▸ **Records provided**:
lemma norm_commutator_remainder_le:
  fixes f g :: "int \<Rightarrow> complex"
  assumes "k \<ge> 0" "m \<ge> 1"
    and symbol: "\<And>a b. norm (commutator_symbol k m a b) \<le> C * (jbracket (k + real m) (real_of_int a)
                          + jbracket (real m) (real_of_int a) * jbracket k (real_of_int b))"
  defines "F\<^sub>1 \<equiv> \<lambda>j. jbracket (k + real m) (real_of_int j) * cmod (f j)"
    and "F\<^sub>2 \<equiv> \<lambda>j. jbracket (real m) (real_of_int j) * cmod (f j)"
    and "G\<^sub>1 \<equiv> \<lambda>j. cmod (g j)"
    and "G\<^sub>2 \<equiv> \<lambda>j. jbracket k (real_of_int j) * cmod (g j)"
  assumes low: "(\<lambda>j. F\<^sub>1 j * G\<^sub>1 (n - j)) summable_on UNIV"
    and high: "(\<lambda>j. G\<^sub>2 j * F\<^sub>2 (n - j)) summable_on UNIV"
  shows "norm (commutator_remainder k m f g n) \<le> C * (seq_conv F\<^sub>1 G\<^sub>1 n + seq_conv G\<^sub>2 F\<^sub>2 n)"
proof -
  have summable: "(\<lambda>j. F\<^sub>1 j * G\<^sub>1 (n - j)) summable_on UNIV" "(\<lambda>j. F\<^sub>2 j * G\<^sub>2 (n - j)) summable_on UNIV"
    using low high seq_conv_commute(1) by blast+
  define B where "B j = C * (F\<^sub>1 j * G\<^sub>1 (n - j)) + C * (F\<^sub>2 j * G\<^sub>2 (n - j))" for j
  have "norm (commutator_remainder k m f g n) \<le> (\<Sum>\<^sub>\<infinity>j. B j)"
  proof (rule norm_has_sum_le_infsum[OF commutator_remainder_has_sum[OF assms(1,2)]])
    show "(\<lambda>j. jbracket (k + real m) (real_of_int j) * cmod (f j) * cmod (g (n - j))) summable_on UNIV"
      using summable(1) by (simp add: F\<^sub>1_def G\<^sub>1_def)
    show "B summable_on UNIV"
      unfolding B_def by (intro summable_on_add summable_on_cmult_right summable)
    fix j
    have "norm (f j * g (n - j) * commutator_symbol k m j (n - j))
            \<le> cmod (f j) * cmod (g (n - j)) * (C * (jbracket (k + real m) (real_of_int j)
                 + jbracket (real m) (real_of_int j) * jbracket k (real_of_int (n - j))))"
      unfolding norm_mult by (intro mult_left_mono symbol) simp
    also have "\<dots> = B j"
      by (simp add: B_def F\<^sub>1_def F\<^sub>2_def G\<^sub>1_def G\<^sub>2_def algebra_simps)
    finally show "norm (f j * g (n - j) * commutator_symbol k m j (n - j)) \<le> B j" .
  qed
  also have "(\<Sum>\<^sub>\<infinity>j. B j) = C * (seq_conv F\<^sub>1 G\<^sub>1 n + seq_conv F\<^sub>2 G\<^sub>2 n)"
    unfolding B_def seq_conv_def using summable
    by (simp add: infsum_add summable_on_cmult_right infsum_cmult_right distrib_left)
  also have "seq_conv F\<^sub>2 G\<^sub>2 n = seq_conv G\<^sub>2 F\<^sub>2 n"
    by (rule seq_conv_commute(2))
  finally show ?thesis .
qed

lemma commutator_remainder_estimate:
  assumes "k \<ge> 0" "m \<ge> 1" "\<eta> > 0"
  shows "\<exists>C. \<forall>f g. in_H (k + real m) f \<and> in_H (real m + 1/2 + \<eta>) f \<and>
      in_H (1/2 + \<eta>) g \<and> in_H k g \<longrightarrow>
      in_H 0 (commutator_remainder k m f g) \<and>
      H_norm 0 (commutator_remainder k m f g)
        \<le> C * (H_norm (k + real m) f * H_norm (1/2 + \<eta>) g + H_norm (real m + 1/2 + \<eta>) f * H_norm k g)"
proof -
  obtain C where "C \<ge> 0" and symbol: "\<And>a b. norm (commutator_symbol k m a b)
     \<le> C * (jbracket (k + real m) (real_of_int a)
            + jbracket (real m) (real_of_int a) * jbracket k (real_of_int b))"
    using norm_commutator_symbol_le[OF assms(1,2)] by blast
  show ?thesis
  proof (intro exI[of _ "sqrt 2 * C * sobolev_const \<eta>"] allI impI)
    fix f g :: "int \<Rightarrow> complex"
    assume "in_H (k + real m) f \<and> in_H (real m + 1/2 + \<eta>) f \<and> in_H (1/2 + \<eta>) g \<and> in_H k g"
    then have "in_H (k + real m) f" "in_H (0 + 1/2 + \<eta>) g" "in_H k g" "in_H (real m + 1/2 + \<eta>) f"
      by simp_all
    note low = seq_conv_H_norm_le[OF assms(3) this(1,2), simplified]
      and high = seq_conv_H_norm_le[OF assms(3) this(3,4)]
    note pointwise = norm_commutator_remainder_le[OF assms(1,2) symbol low(1) high(1)]
    note bound = H_norm_0_le_of_pointwise_le[OF \<open>C \<ge> 0\<close> pointwise low(2,3) high(2,3)]
    then show "in_H 0 (commutator_remainder k m f g) \<and>
      H_norm 0 (commutator_remainder k m f g)
        \<le> sqrt 2 * C * sobolev_const \<eta> *
           (H_norm (k + real m) f * H_norm (1/2 + \<eta>) g + H_norm (real m + 1/2 + \<eta>) f * H_norm k g)"
      by (simp add: algebra_simps)
  qed
qed

theorem lemma3:
  fixes k' \<eta> :: real and m :: nat
  assumes "k' \<ge> 0" and "m \<ge> 1" and "\<eta> > 0"
  shows "\<exists>C. \<forall>f g :: int \<Rightarrow> complex.
     in_H (k' + real m) f \<and> in_H (real m + 1/2 + \<eta>) f \<and>
     in_H (1/2 + \<eta>) g \<and> in_H k' g \<longrightarrow>
     (let E = (\<lambda>n. Dop k' (fprod f (dx m g)) n
                 - (\<Sum>l<m. complex_of_real (k' gchoose l) *
                      fprod (Dop (real l) f) (Dop (k' - real l) (dx m g)) n))
      in in_H 0 E \<and>
         H_norm 0 E \<le> C * (H_norm (k' + real m) f * H_norm (1/2 + \<eta>) g
                          + H_norm (real m + 1/2 + \<eta>) f * H_norm k' g))"
  unfolding Let_def commutator_remainder_def[symmetric]
  by (rule commutator_remainder_estimate[OF assms])

end
(* Let $G$ be a graph, $\mathcal R=\{G_v: v\in V(G)\}$ a family of pairwise vertex-disjoint graphs, and let $S$ be a Grundy dominating sequence of $G\hookleftarrow\mathcal R$. Then there exists a Grundy dominating sequence $S'$ of $G\hookleftarrow\mathcal R$ such that, for every $v\in V(G)$ with $\widehat{S'}\cap V(G_v)\neq\emptyset$ and $\ell_{S'}(v)\in I_{S'}$, it holds that (1) $f_{S'}(w)\in V(G_v)$ for all $w\in V(G_v)$, and (2) $|\widehat{S'}\cap V(G_v)|=\gamma_{gr}(G_v)$.
   Context: All graphs are finite and simple; $N[v]$ denotes the closed neighborhood. The $X$-join product $G\hookleftarrow \mathcal R$ has vertex set $\bigcup_{v\in V(G)}V(G_v)$, the edges of all $G_v$, and all edges between $V(G_u)$ and $V(G_v)$ whenever $uv\in E(G)$. For a sequence $S=(v_1,\dots,v_k)$ of distinct vertices, $\widehat S=\{v_1,\dots,v_k\}$, $|S|=k$, and $PN_S(v_i)=N[v_i]\setminus\bigcup_{j<i}N[v_j]$. $S$ is a legal dominating sequence if $\widehat S$ is dominating and all $PN_S(v_i)\neq\emptyset$; a Grundy dominating sequence is a legal dominating sequence of maximum length, this length being $\gamma_{gr}$. For a legal dominating sequence $S$, the footprinter $f_S(x)$ of a vertex $x$ is the unique $v\in\widehat S$ with $x\in PN_S(v)$, and $I_S=\{v: f_S(v)=v\}$. For $v\in V(G)$ with $\widehat S\cap V(G_v)\neq\emptyset$, $\ell_S(v)$ denotes the vertex of $\widehat S\cap V(G_v)$ appearing earliest in $S$. *)

theory Defs
  imports Main
begin

text \<open>A graph is a pair (vertex set, edge relation); edges are stored as ordered
pairs in both directions.\<close>
type_synonym 'a graph = "'a set \<times> ('a \<times> 'a) set"

definition verts :: "'a graph \<Rightarrow> 'a set" where "verts G = fst G"
definition edges :: "'a graph \<Rightarrow> ('a \<times> 'a) set" where "edges G = snd G"

definition graph :: "'a graph \<Rightarrow> bool" where
  "graph G \<longleftrightarrow> finite (verts G) \<and> edges G \<subseteq> verts G \<times> verts G
     \<and> sym (edges G) \<and> irrefl (edges G)"
(* Let $H$ be a self-adjoint operator on a $2^L$-dimensional Hilbert space whose eigenvalues, counted with multiplicity, are $E_{\boldsymbol n}=E_0+\sum_{k=1}^Ln_k\Lambda_k$, $\boldsymbol n\in\{0,1\}^L$, with real $E_0,\Lambda_1,\dots,\Lambda_L$. Let $\epsilon_1,\dots,\epsilon_{L_B}$ be the distinct values among the $\Lambda_k$, $\epsilon_j$ occurring $g_j$ times, and assume $\epsilon_1,\dots,\epsilon_{L_B}$ are linearly independent over $\mathbb Q$. Let $\chi(t)=\operatorname{tr}(e^{-itH})$. Then for every real $\lambda\ge0$, $$\overline{|\chi(t)|^{2\lambda}}=\prod_{j=1}^{L_B}\frac{4^{\lambda g_j}\,\Gamma\!\left(\tfrac12+\lambda g_j\right)}{\sqrt\pi\,\Gamma(1+\lambda g_j)}.$$ In particular, if all $g_j=1$ (so $L_B=L$), then $\overline{|\chi(t)|}=(4/\pi)^L$.
   Context: $\overline{f(t)}:=\lim_{T\to\infty}\frac1T\int_0^Tf(t)\,dt$; $\Gamma$ is the Euler Gamma function. *)

theory Defs
  imports "HOL-Analysis.Analysis" "Jordan_Normal_Form.Schur_Decomposition" "Jordan_Normal_Form.Char_Poly"
begin

definition trace_mat :: "'a::comm_ring_1 mat \<Rightarrow> 'a" where
  "trace_mat A = (\<Sum>i<dim_row A. A $$ (i, i))"

definition hermitian_mat :: "complex mat \<Rightarrow> bool" where
  "hermitian_mat A \<longleftrightarrow> dim_row A = dim_col A \<and> mat_adjoint A = A"

definition mat_exp :: "complex mat \<Rightarrow> complex mat" where
  "mat_exp A = mat (dim_row A) (dim_col A)
     (\<lambda>(i, j). (\<Sum>k. (A ^\<^sub>m k) $$ (i, j) / of_nat (fact k)))"

definition has_time_average :: "(real \<Rightarrow> real) \<Rightarrow> real \<Rightarrow> bool" where
  "has_time_average f a \<longleftrightarrow>
     (\<forall>T>0. f integrable_on {0..T}) \<and>
     ((\<lambda>T. integral {0..T} f / T) \<longlongrightarrow> a) at_top"

end

theory Submission
  imports Defs
begin
lemma rank_one_pauli_x_transpose:
  assumes "rank_one_map \<phi> (pauli_x a b) \<in> zerospanConj"
  shows "rank_one_map \<phi> (pauli_x (Transposition.transpose p q a) (Transposition.transpose p q b))
    \<in> zerospanConj"
proof -
  let ?P = "monomial_mat (Transposition.transpose p q) (\<lambda>_. 1)"
  have "?P ** pauli_x a b ** cdagger ?P
      = pauli_x (Transposition.transpose p q a) (Transposition.transpose p q b)"
    by (auto simp: monomial_mat_conj pauli_x_def vec_eq_iff Transposition.transpose_def)
  moreover have "unitary_mat ?P" by (rule unitary_monomial_mat) auto
  ultimately show ?thesis using rank_one_map_conj_left[OF assms] by metis
qed

lemma rank_one_pauli_x_move:
  assumes "rank_one_map \<phi> (pauli_x a b) \<in> zerospanConj" "a \<noteq> b" "c \<noteq> d"
  shows "rank_one_map \<phi> (pauli_x c d) \<in> zerospanConj"
proof -
  define b' where "b' = Transposition.transpose a c b"
  have "rank_one_map \<phi> (pauli_x c b') \<in> zerospanConj"
    using rank_one_pauli_x_transpose[OF assms(1), of a c] by (simp add: b'_def)
  moreover have "c \<noteq> b'" using assms(2) by (auto simp: b'_def Transposition.transpose_def)
  ultimately show ?thesis
    using rank_one_pauli_x_transpose[of \<phi> c b' b' d] assms(3)
    by (simp add: Transposition.transpose_def)
qed

lemma unitary_phase_mat: "z * cnj z = 1 \<Longrightarrow> unitary_mat (monomial_mat id (\<lambda>x. if x = c then z else 1))"
  by (rule unitary_monomial_mat) auto

lemma rank_one_pauli_y:
  assumes "rank_one_map \<phi> (pauli_x a b) \<in> zerospanConj" "a \<noteq> b"
  shows "rank_one_map \<phi> (pauli_y a b) \<in> zerospanConj"
proof -
  let ?P = "monomial_mat id (\<lambda>x. if x = a then \<i> else 1)"
  have "?P ** pauli_x a b ** cdagger ?P = pauli_y a b"
    using assms(2) by (auto simp: monomial_mat_conj pauli_x_def pauli_y_def vec_eq_iff)
  then show ?thesis using rank_one_map_conj_left[OF assms(1) unitary_phase_mat[of \<i> a]] by simp
qed

lemma rank_one_im_functional:
  assumes "rank_one_map (\<lambda>A. Re (A$a$b)) B \<in> zerospanConj" "a \<noteq> b"
  shows "rank_one_map (\<lambda>A. Im (A$a$b)) B \<in> zerospanConj"
proof -
  let ?P = "monomial_mat id (\<lambda>x. if x = a then -\<i> else 1)"
  have "(\<lambda>A. Re ((?P ** A ** cdagger ?P)$a$b)) = (\<lambda>A. Im (A$a$b))"
    using assms(2) by (auto simp: monomial_mat_conj fun_eq_iff)
  then show ?thesis using rank_one_map_conj_right[OF assms(1) unitary_phase_mat[of "-\<i>" a]] by simp
qed

definition inv_sqrt2 :: complex where "inv_sqrt2 = of_real (sqrt (1/2))"

lemma inv_sqrt2_square: "inv_sqrt2 * inv_sqrt2 = 1/2"
  by (simp flip: of_real_mult add: inv_sqrt2_def)

lemma cnj_inv_sqrt2 [simp]: "cnj inv_sqrt2 = inv_sqrt2"
  by (simp add: inv_sqrt2_def)

definition hadamard_mat :: "'d \<Rightarrow> 'd \<Rightarrow> complex^'d^'d" where
  "hadamard_mat a b = (\<chi> i j.
      if i = a then (if j = a \<or> j = b then inv_sqrt2 else 0)
      else if i = b then (if j = a then inv_sqrt2 else if j = b then -inv_sqrt2 else 0)
      else (if i = j then 1 else 0))"

definition hadamard_vec :: "'d \<Rightarrow> 'd \<Rightarrow> ('d \<Rightarrow> complex) \<Rightarrow> 'd \<Rightarrow> complex" where
  "hadamard_vec a b g i =
    (if i = a then inv_sqrt2 * (g a + g b) else if i = b then inv_sqrt2 * (g a - g b) else g i)"

lemma sum_two_points:
  fixes a b :: "'d::finite"
  assumes "a \<noteq> b"
  shows "(\<Sum>k\<in>UNIV. (if k = a then u else if k = b then v else 0) * g k) = u * g a + v * (g b :: complex)"
proof -
  have "(\<Sum>k\<in>UNIV. (if k = a then u else if k = b then v else 0) * g k)
      = (\<Sum>k\<in>UNIV. (if k = a then u * g a else 0) + (if k = b then v * g b else 0))"
    using assms by (intro sum.cong) auto
  then show ?thesis by (simp add: sum.distrib)
qed

lemma hadamard_mat_row:
  fixes a b :: "'d::finite"
  assumes ab: "a \<noteq> b"
  shows "(\<Sum>k\<in>UNIV. hadamard_mat a b $ i $ k * g k) = hadamard_vec a b g i"
proof -
  consider "i = a" | "i = b" | "i \<noteq> a" "i \<noteq> b" by blast
  then show ?thesis
  proof cases
    case 1
    have "(\<Sum>k\<in>UNIV. hadamard_mat a b $ i $ k * g k)
        = (\<Sum>k\<in>UNIV. (if k = a then inv_sqrt2 else if k = b then inv_sqrt2 else 0) * g k)"
      using 1 ab by (intro sum.cong) (auto simp: hadamard_mat_def)
    then show ?thesis using 1 sum_two_points[OF ab] by (simp add: hadamard_vec_def algebra_simps)
  next
    case 2
    have "(\<Sum>k\<in>UNIV. hadamard_mat a b $ i $ k * g k)
        = (\<Sum>k\<in>UNIV. (if k = a then inv_sqrt2 else if k = b then -inv_sqrt2 else 0) * g k)"
      using 2 ab by (intro sum.cong) (auto simp: hadamard_mat_def)
    then show ?thesis using 2 ab sum_two_points[OF ab] by (simp add: hadamard_vec_def algebra_simps)
  next
    case 3
    have "(\<Sum>k\<in>UNIV. hadamard_mat a b $ i $ k * g k) = (\<Sum>k\<in>UNIV. if k = i then g i else 0)"
      using 3 ab by (intro sum.cong) (auto simp: hadamard_mat_def)
    then show ?thesis using 3 by (simp add: hadamard_vec_def)
  qed
qed

lemma hadamard_mat_conj_nth:
  fixes a b :: "'d::finite"
  assumes ab: "a \<noteq> b"
  shows "(hadamard_mat a b ** X ** cdagger (hadamard_mat a b)) $ i $ j
    = hadamard_vec a b (\<lambda>l. hadamard_vec a b (\<lambda>k. X$k$l) i) j"
proof -
  have cnj_entry: "cnj (hadamard_mat a b $ j $ k) = hadamard_mat a b $ j $ k" for j k
    by (auto simp: hadamard_mat_def)
  have left: "(hadamard_mat a b ** X) $ i $ l = hadamard_vec a b (\<lambda>k. X$k$l) i" for l
    using hadamard_mat_row[OF ab] by (simp add: matrix_matrix_mult_def)
  have "(hadamard_mat a b ** X ** cdagger (hadamard_mat a b)) $ i $ j
      = (\<Sum>l\<in>UNIV. hadamard_mat a b $ j $ l * (hadamard_mat a b ** X) $ i $ l)"
    by (simp add: matrix_matrix_mult_def cnj_entry mult.commute)
  also have "\<dots> = hadamard_vec a b (\<lambda>l. (hadamard_mat a b ** X) $ i $ l) j"
    by (rule hadamard_mat_row[OF ab])
  finally show ?thesis by (simp add: left)
qed

lemma unitary_hadamard_mat:
  fixes a b :: "'d::finite"
  assumes ab: "a \<noteq> b"
  shows "unitary_mat (hadamard_mat a b)"
proof -
  have self_adjoint: "cdagger (hadamard_mat a b) = hadamard_mat a b"
    by (auto simp: vec_eq_iff hadamard_mat_def)
  have "(hadamard_mat a b ** hadamard_mat a b) $ i $ j = mat 1 $ i $ j" for i j
  proof -
    have "(hadamard_mat a b ** hadamard_mat a b) $ i $ j
        = hadamard_vec a b (\<lambda>k. hadamard_mat a b $ k $ j) i"
      using hadamard_mat_row[OF ab] by (simp add: matrix_matrix_mult_def)
    also have "\<dots> = mat 1 $ i $ j"
      using ab inv_sqrt2_square
      by (auto simp: hadamard_vec_def hadamard_mat_def mat_def algebra_simps)
    finally show ?thesis .
  qed
  then show ?thesis by (simp add: unitary_mat_def self_adjoint vec_eq_iff)
qed

lemma rank_one_pauli_z:
  fixes a b :: "'d::finite"
  assumes "rank_one_map \<phi> (pauli_x a b) \<in> zerospanConj" "a \<noteq> b"
  shows "rank_one_map \<phi> (pauli_z a b) \<in> zerospanConj"
proof -
  have "inv_sqrt2 * (2 * inv_sqrt2) = 1"
    by (simp only: mult.left_commute[of inv_sqrt2 2] inv_sqrt2_square) simp
  then have "hadamard_mat a b ** pauli_x a b ** cdagger (hadamard_mat a b) = pauli_z a b"
    unfolding vec_eq_iff hadamard_mat_conj_nth[OF assms(2)]
    using assms(2) inv_sqrt2_square by (auto simp: hadamard_vec_def pauli_x_def pauli_z_def)
  then show ?thesis
    using rank_one_map_conj_left[OF assms(1) unitary_hadamard_mat[OF assms(2)]] by simp
qed

lemma rank_one_diag_functional:
  fixes a b :: "'d::finite"
  assumes "rank_one_map (\<lambda>A. Re (A$a$b)) B \<in> zerospanConj" "a \<noteq> b"
  shows "rank_one_map (\<lambda>A. Re (A$a$a) - Re (A$b$b)) B \<in> zerospanConj"
proof -
  let ?H = "hadamard_mat a b"
  have "2 * Re ((?H ** A ** cdagger ?H)$a$b) = Re (A$a$a) - Re (A$b$b)" if A: "A \<in> tlherm" for A
  proof -
    have "(?H ** A ** cdagger ?H)$a$b = (inv_sqrt2 * inv_sqrt2) * (A$a$a + A$b$a - A$a$b - A$b$b)"
      unfolding hadamard_mat_conj_nth[OF assms(2)] using assms(2)
      by (simp add: hadamard_vec_def algebra_simps)
    then have "(?H ** A ** cdagger ?H)$a$b = 1/2 * (A$a$a + A$b$a - A$a$b - A$b$b)"
      by (simp only: inv_sqrt2_square)
    then have "2 * Re ((?H ** A ** cdagger ?H)$a$b) = Re (A$a$a + A$b$a - A$a$b - A$b$b)"
      by (simp only:) simp
    then show ?thesis using tlherm_nth_cnj[OF A, of b a] by simp
  qed
  then have "rank_one_map (\<lambda>A. 2 * Re ((?H ** A ** cdagger ?H)$a$b)) B
      = rank_one_map (\<lambda>A. Re (A$a$a) - Re (A$b$b)) B"
    by (rule rank_one_map_cong)
  moreover have "rank_one_map (\<lambda>A. 2 * Re ((?H ** A ** cdagger ?H)$a$b)) B \<in> zerospanConj"
    using rank_one_map_conj_right[OF assms(1) unitary_hadamard_mat[OF assms(2)]]
    by (simp add: rank_one_map_scaleR_left zerospanConj_scaleR)
  ultimately show ?thesis by simp
qed

definition pauli_coords :: "'d \<Rightarrow> 'd \<Rightarrow> (complex^'d^'d \<Rightarrow> real) set" where
  "pauli_coords a b = {\<lambda>A. Re (A$a$b), \<lambda>A. Im (A$a$b), \<lambda>A. Re (A$a$a) - Re (A$b$b)}"

lemma rank_one_pauli_in_zerospanConj:
  fixes a b c d :: "'d::finite"
  assumes "a \<noteq> b" "c \<noteq> d" "\<phi> \<in> pauli_coords a b"
  shows "rank_one_map \<phi> (pauli_x c d) \<in> zerospanConj"
    and "rank_one_map \<phi> (pauli_y c d) \<in> zerospanConj"
    and "rank_one_map \<phi> (pauli_z c d) \<in> zerospanConj"
proof -
  have re: "rank_one_map (\<lambda>A. Re (A$a$b)) (pauli_x a b) \<in> zerospanConj"
    by (rule rank_one_re_pauli_x[OF assms(1)])
  have "rank_one_map \<phi> (pauli_x a b) \<in> zerospanConj"
    using assms(3) re rank_one_im_functional[OF re assms(1)]
      rank_one_diag_functional[OF re assms(1)]
    unfolding pauli_coords_def by auto
  then show x: "rank_one_map \<phi> (pauli_x c d) \<in> zerospanConj"
    by (rule rank_one_pauli_x_move[OF _ assms(1,2)])
  show "rank_one_map \<phi> (pauli_y c d) \<in> zerospanConj" by (rule rank_one_pauli_y[OF x assms(2)])
  show "rank_one_map \<phi> (pauli_z c d) \<in> zerospanConj" by (rule rank_one_pauli_z[OF x assms(2)])
qed

text \<open>Summed over all ordered pairs \<open>(a,b)\<close>, an off-diagonal entry of \<open>C\<close> is recovered from
  \<open>(a,b)\<close> and \<open>(b,a)\<close>, while the \<open>pauli_z\<close> terms add up to \<open>C\<^sub>x\<^sub>x - tr C / d\<close> at the diagonal
  entry \<open>x\<close>; this fixes the weights.\<close>

definition pauli_part :: "complex^'d^'d \<Rightarrow> 'd \<Rightarrow> 'd \<Rightarrow> complex^'d^'d" where
  "pauli_part C a b = (if a = b then 0 else
     (1/2 * Re (C$a$b)) *\<^sub>R pauli_x a b + (1/2 * Im (C$a$b)) *\<^sub>R pauli_y a b
     + (1 / (2 * real CARD('d)) * (Re (C$a$a) - Re (C$b$b))) *\<^sub>R pauli_z a b)"

lemma pauli_part_tlherm: "pauli_part C a b \<in> tlherm"
  by (simp add: pauli_part_def tlherm_zero tlherm_add tlherm_scaleR
      pauli_x_tlherm pauli_y_tlherm pauli_z_tlherm)

lemma sum_pauli_part_offdiag:
  fixes C :: "complex^'d^'d"
  assumes C: "C \<in> tlherm" and xy: "x \<noteq> y"
  shows "(\<Sum>a\<in>UNIV. \<Sum>b\<in>UNIV. pauli_part C a b) $ x $ y = C $ x $ y"
proof -
  define u where "u = complex_of_real (1/2 * Re (C$x$y)) + \<i> * complex_of_real (1/2 * Im (C$x$y))"
  define v where "v = complex_of_real (1/2 * Re (C$y$x)) - \<i> * complex_of_real (1/2 * Im (C$y$x))"
  have entry: "pauli_part C a b $ x $ y
      = (if a = x then (if b = y then u else 0) else 0)
        + (if a = y then (if b = x then v else 0) else 0)" for a b
    using xy by (auto simp: pauli_part_def pauli_x_def pauli_y_def pauli_z_def u_def v_def
        scaleR_conv_of_real[where 'a = complex])
  have pull_if: "(\<Sum>b\<in>UNIV. if P then g b else 0) = (if P then (\<Sum>b\<in>UNIV. g b) else 0)"
    for P and g :: "'d \<Rightarrow> complex"
    by simp
  have "(\<Sum>a\<in>UNIV. \<Sum>b\<in>UNIV. pauli_part C a b) $ x $ y = u + v"
    by (simp add: sum_component entry sum.distrib pull_if)
  also have "\<dots> = C $ x $ y"
    using tlherm_nth_cnj[OF C, of y x] by (simp add: u_def v_def complex_eq_iff)
  finally show ?thesis .
qed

▸ **Brief**: The range runs from the line with "by (rule rank_one_map_cong)" up to and including the line with "rank_one_pauli_y[OF x assms(2)])" in the listing above; please write out exactly those lines and nothing more.

▸ **Result for this exercise**:
    by (rule rank_one_map_cong)
  moreover have "rank_one_map (\<lambda>A. 2 * Re ((?H ** A ** cdagger ?H)$a$b)) B \<in> zerospanConj"
    using rank_one_map_conj_right[OF assms(1) unitary_hadamard_mat[OF assms(2)]]
    by (simp add: rank_one_map_scaleR_left zerospanConj_scaleR)
  ultimately show ?thesis by simp
qed

definition pauli_coords :: "'d \<Rightarrow> 'd \<Rightarrow> (complex^'d^'d \<Rightarrow> real) set" where
  "pauli_coords a b = {\<lambda>A. Re (A$a$b), \<lambda>A. Im (A$a$b), \<lambda>A. Re (A$a$a) - Re (A$b$b)}"

lemma rank_one_pauli_in_zerospanConj:
  fixes a b c d :: "'d::finite"
  assumes "a \<noteq> b" "c \<noteq> d" "\<phi> \<in> pauli_coords a b"
  shows "rank_one_map \<phi> (pauli_x c d) \<in> zerospanConj"
    and "rank_one_map \<phi> (pauli_y c d) \<in> zerospanConj"
    and "rank_one_map \<phi> (pauli_z c d) \<in> zerospanConj"
proof -
  have re: "rank_one_map (\<lambda>A. Re (A$a$b)) (pauli_x a b) \<in> zerospanConj"
    by (rule rank_one_re_pauli_x[OF assms(1)])
  have "rank_one_map \<phi> (pauli_x a b) \<in> zerospanConj"
    using assms(3) re rank_one_im_functional[OF re assms(1)]
      rank_one_diag_functional[OF re assms(1)]
    unfolding pauli_coords_def by auto
  then show x: "rank_one_map \<phi> (pauli_x c d) \<in> zerospanConj"
    by (rule rank_one_pauli_x_move[OF _ assms(1,2)])
  show "rank_one_map \<phi> (pauli_y c d) \<in> zerospanConj" by (rule rank_one_pauli_y[OF x assms(2)])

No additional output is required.